### [What you will do]
Every line in the records below that holds "intro" must be identified and copied.

============================================================

text \<open>The separator behind Dirac's lemma.  Given a non-neighbour w of x, let C be
  the component of w in the graph with x and its neighbours removed, and N the set
  of neighbours of x adjacent to C.\<close>
lemma chordal_component_separator:
  assumes irr: "\<And>a. \<not> E a a" and sym: "\<And>a b. E a b \<Longrightarrow> E b a"
    and chordal: "chordal S E" and x: "x \<in> S" and w: "w \<in> S" "w \<noteq> x" "\<not> E x w"
  obtains C N where "w \<in> C" "C \<subseteq> S" "N \<subseteq> S"
    "\<And>c. c \<in> C \<Longrightarrow> c \<noteq> x \<and> \<not> E x c" "\<And>s. s \<in> N \<Longrightarrow> E x s"
    "\<And>s t. s \<in> N \<Longrightarrow> t \<in> N \<Longrightarrow> s \<noteq> t \<Longrightarrow> E s t"
    "\<And>c u. c \<in> C \<Longrightarrow> u \<in> S \<Longrightarrow> E c u \<Longrightarrow> u \<in> C \<union> N"
proof -
  define W where "W = {u\<in>S. u \<noteq> x \<and> \<not> E x u}"
  define R where "R = (\<lambda>a b. E a b \<and> a \<in> W \<and> b \<in> W)"
  define C where "C = {u. R\<^sup>*\<^sup>* w u}"
  define N where "N = {s\<in>S. E x s \<and> (\<exists>c\<in>C. E s c)}"
  have wW: "w \<in> W" using w unfolding W_def by auto
  have CW: "C \<subseteq> W"
  proof
    fix u assume "u \<in> C"
    then have "R\<^sup>*\<^sup>* w u" unfolding C_def by simp
    then show "u \<in> W" using wW by (cases rule: rtranclp.cases) (auto simp: R_def)
  qed
  have C_connected: "R\<^sup>*\<^sup>* a b" if "a \<in> C" "b \<in> C" for a b
  proof -
    have "symp R" unfolding R_def symp_def using sym by blast
    moreover have "R\<^sup>*\<^sup>* w a" "R\<^sup>*\<^sup>* w b" using that unfolding C_def by auto
    ultimately show ?thesis by (meson rtranclp_trans sympD symp_rtranclp)
  qed
  have N_clique: "E s t" if st: "s \<in> N" "t \<in> N" "s \<noteq> t" for s t
  proof -
    obtain cs ct where c: "cs \<in> C" "ct \<in> C" "E s cs" "E t ct" using st unfolding N_def by blast
    obtain p where p: "walk E p" "p \<noteq> []" "hd p = cs" "last p = ct" "set p \<subseteq> W"
      using rtranclp_walk[of E W cs ct] C_connected[OF c(1,2)] c(1) CW unfolding R_def by blast
    show ?thesis
    proof (rule chordal_neighbours_adjacent[OF irr sym chordal x _ _ _ _ st(3)])
      show "walk E p" "p \<noteq> []" "E s (hd p)" "E (last p) t" using p c(3) sym[OF c(4)] by auto
      show "set p \<subseteq> S" "\<And>u. u \<in> set p \<Longrightarrow> u \<noteq> x \<and> \<not> E x u"
        using p(5) unfolding W_def by auto
    qed (use st in \<open>auto simp: N_def\<close>)
  qed
  have C_nbrs: "u \<in> C \<union> N" if "c \<in> C" "u \<in> S" "E c u" for c u
  proof (cases "E x u")
    case True
    then show ?thesis using that sym[OF that(3)] unfolding N_def by blast
  next
    case False
    have "u \<noteq> x" using that CW sym[of c u] unfolding W_def by blast
    then have "R c u" using that False CW unfolding R_def W_def by auto
    then show ?thesis using that(1) unfolding C_def by (auto intro: rtranclp.rtrancl_into_rtrancl)
  qed
  show thesis
  proof (rule that[OF _ _ _ _ _ N_clique C_nbrs])
    show "w \<in> C" unfolding C_def by simp
  qed (use CW in \<open>auto simp: W_def N_def\<close>)
qed

lemma simplicial_join_clique:
  assumes sym: "\<And>a b. E a b \<Longrightarrow> E b a" and v: "simplicial C E v"
    and N_clique: "\<And>s t. s \<in> N \<Longrightarrow> t \<in> N \<Longrightarrow> s \<noteq> t \<Longrightarrow> E s t"
    and N_to_C: "\<And>s c. s \<in> N \<Longrightarrow> c \<in> C \<Longrightarrow> E s c"
  shows "simplicial (C \<union> N) E v"
  unfolding simplicial_def
proof (intro conjI ballI impI)
  show "v \<in> C \<union> N" using v unfolding simplicial_def by blast
next
  fix a b assume ab: "a \<in> C \<union> N" "b \<in> C \<union> N" "E v a" "E v b" "a \<noteq> b"
  then consider "a \<in> C" "b \<in> C" | "a \<in> N" "b \<in> N" | "a \<in> C" "b \<in> N" | "a \<in> N" "b \<in> C"
    by blast
  then show "E a b"
  proof cases
    case 1 then show ?thesis using v ab unfolding simplicial_def by blast
  next
    case 2 then show ?thesis using N_clique ab by blast
  next
    case 3 then show ?thesis using sym[OF N_to_C] by blast
  next
    case 4 then show ?thesis using N_to_C by blast
  qed
qed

============================================================

### [Solution for this task]
    then show ?thesis using that(1) unfolding C_def by (auto intro: rtranclp.rtrancl_into_rtrancl)
proof (intro conjI ballI impI)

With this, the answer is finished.